Number 6
Knights of the Old Republic II: The Sith Lords
I have a thing for forgiving games of their flaws when certain elements are superb, and no game on this list exemplifies that ideology better than this game right here. There are two parts to that: this is the most deeply flawed game on the list, but it has the single most outstanding quality in a particular area, which lifts the entire package up into the stratosphere.
The flaws are easy to think of and easy to list. In many ways the game is broken, full of enough glitches to make BioWare or Bethesda blush, with missing mission flags and bugs galore. The leveling system's cap has been removed, making all challenge in the endgame utterly trivial, and there's this sense of emptiness there, at the end, which left many people dissatisfied.
But you know what? It doesn't matter.
There is at least one thing this game does well, and at that it's the very best in the business: writing.
In KotOR2, Chris Avellone forged white-hot the most consistent, thematically tight, mind-bending narrative I have ever experienced in any game, a plot which would stand proudly as proper literature if it were not in the trappings of Star Wars, a story and characters that are simply the best that this medium has ever produced.
You want the best cast of characters? Right here: from Atton to the Handmaiden to Darth Sion to T3-M4, every single character has their own motivations, their own secrets waiting to be wrested from them. They are believable, complex, alternatively weak and strong, each wounded, each hopeful. In any other game they would be the stand-out members of the cast, but each of them is only a single piece of the puzzle.
You want consistent meaning and theme? THis game got me and my wife talking for hours about Nietzsche, how one character in particular basically symbolizes him, how different philosophers would shape themselves in the face of the reality of the Force, and that's only the most basic, surface-level stuff.
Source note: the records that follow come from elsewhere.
text \<open>With \<open>adjugate (M \<alpha>0) = a v\<^sup>T\<close>, the entries of Strassen's equation for \<open>\<alpha>, \<alpha>0, \<beta>\<close> are
  \<open>phiT T \<alpha> a \<cdot> phi T \<beta> v\<close> (up to re-indexing by \<open>g\<close>).\<close>

lemma border_rank_kernel_line:
  fixes T :: "('a::finite,'b::finite,'c::finite) tensor" and g :: "'b \<Rightarrow> 'c"
  assumes br: "border_rank_le T CARD('b)" and g: "bij g" and card: "CARD('b) = CARD('c)"
    and conc: "concise T"
    and corank: "cdim (range (phi T \<alpha>0)) + 1 = CARD('b)"
    and d: "det (slice_matrix T g \<alpha>0) = 0"
  obtains c0 x v where "c0 \<noteq> 0" "x \<noteq> 0" "\<And>\<alpha>. phi T \<alpha> v = cscale (x \<alpha>) c0"
proof -
  let ?M = "slice_matrix T g"
  obtain v a where v: "v \<noteq> 0" and a: "a \<noteq> 0"
    and adj: "\<And>q j. adjugate (?M \<alpha>0) $ q $ j = a q * v j"
    using adjugate_slice_matrix_rank_one[OF g corank d adjugate_slice_matrix_ne_0[OF g card corank d]]
    by metis
  define \<gamma>a where "\<gamma>a k = a (inv g k)" for k
  have \<gamma>a_g: "\<gamma>a (g q) = a q" for q
    using g by (simp add: \<gamma>a_def bij_is_inj)
  define P where "P \<alpha> = phiT T \<alpha> \<gamma>a" for \<alpha>
  define Q where "Q \<alpha> = phi T \<alpha> v" for \<alpha>
  have entry: "(?M \<alpha> ** adjugate (?M \<alpha>0) ** ?M \<beta>) $ j $ j' = P \<alpha> j * Q \<beta> (g j')" for \<alpha> \<beta> j j'
  proof -
    have "(?M \<alpha> ** adjugate (?M \<alpha>0) ** ?M \<beta>) $ j $ j'
        = (\<Sum>r\<in>UNIV. (\<Sum>q\<in>UNIV. ?M \<alpha> $ j $ q * a q) * (v r * ?M \<beta> $ r $ j'))"
      by (simp add: matrix_matrix_mult_def adj sum_distrib_left sum_distrib_right mult_ac)
    also have "\<dots> = P \<alpha> j * Q \<beta> (g j')"
      by (simp add: P_def Q_def phiT_slice_matrix[OF g] phi_slice_matrix \<gamma>a_g sum_distrib_left)
    finally show ?thesis .
  qed
  have sym: "P \<alpha> j * Q \<beta> k = P \<beta> j * Q \<alpha> k" for \<alpha> \<beta> j k
  proof -
    obtain j' where k: "k = g j'" using g by (metis bij_pointE)
    have "(?M \<alpha> ** adjugate (?M \<alpha>0) ** ?M \<beta>) $ j $ j' = (?M \<beta> ** adjugate (?M \<alpha>0) ** ?M \<alpha>) $ j $ j'"
      by (simp only: strassen_equation_border_rank[OF br, of g \<alpha> \<alpha>0 \<beta>])
    then show ?thesis unfolding entry k .
  qed
  have P_add: "P (\<alpha> + \<beta>) = P \<alpha> + P \<beta>" and Q_add: "Q (\<alpha> + \<beta>) = Q \<alpha> + Q \<beta>" for \<alpha> \<beta>
    by (simp_all add: P_def Q_def phi_add_left phiT_add_left)
  obtain \<alpha>q where Q_ne_0: "Q \<alpha>q \<noteq> 0" using concise_phi_ne_0[OF conc v] unfolding Q_def .
  obtain q where "a q \<noteq> 0" using a by (auto simp: fun_eq_iff)
  then have "\<gamma>a \<noteq> 0" using \<gamma>a_g[of q] by auto
  then obtain \<alpha>p where P_ne_0: "P \<alpha>p \<noteq> 0"
    unfolding P_def by (rule concise_phiT_ne_0[OF conc])
  obtain c0 x where "c0 \<noteq> 0" "x \<noteq> 0" "\<And>\<alpha>. Q \<alpha> = cscale (x \<alpha>) c0"
    using symmetric_products_collinear[where P = P and Q = Q, OF sym P_add Q_add P_ne_0 Q_ne_0]
    by blast
  then show ?thesis unfolding Q_def by (rule that)
qed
Themes of maternity and paternity run through, betrayal and family and what it would take to change the heart of a man, the constant struggle for power in the face of personal weakness. It's good. It's really good.
What's more is that Sith Lords has, in Kreia, the single best character that video games have ever produced. Kreia is the mentor character, a sort of inverse Obi-Wan Kenobi, and she is far and away the most complex and engaging character ever birthed by that continuity. I won't say what makes her so great; on some level I hope that a person will read this and decide to play it for the writing, because they should.
This game is something of a crippled god. It has a limp, a set to its bones that isn't quite right, but when it flexes its power can shake the foundations of the world.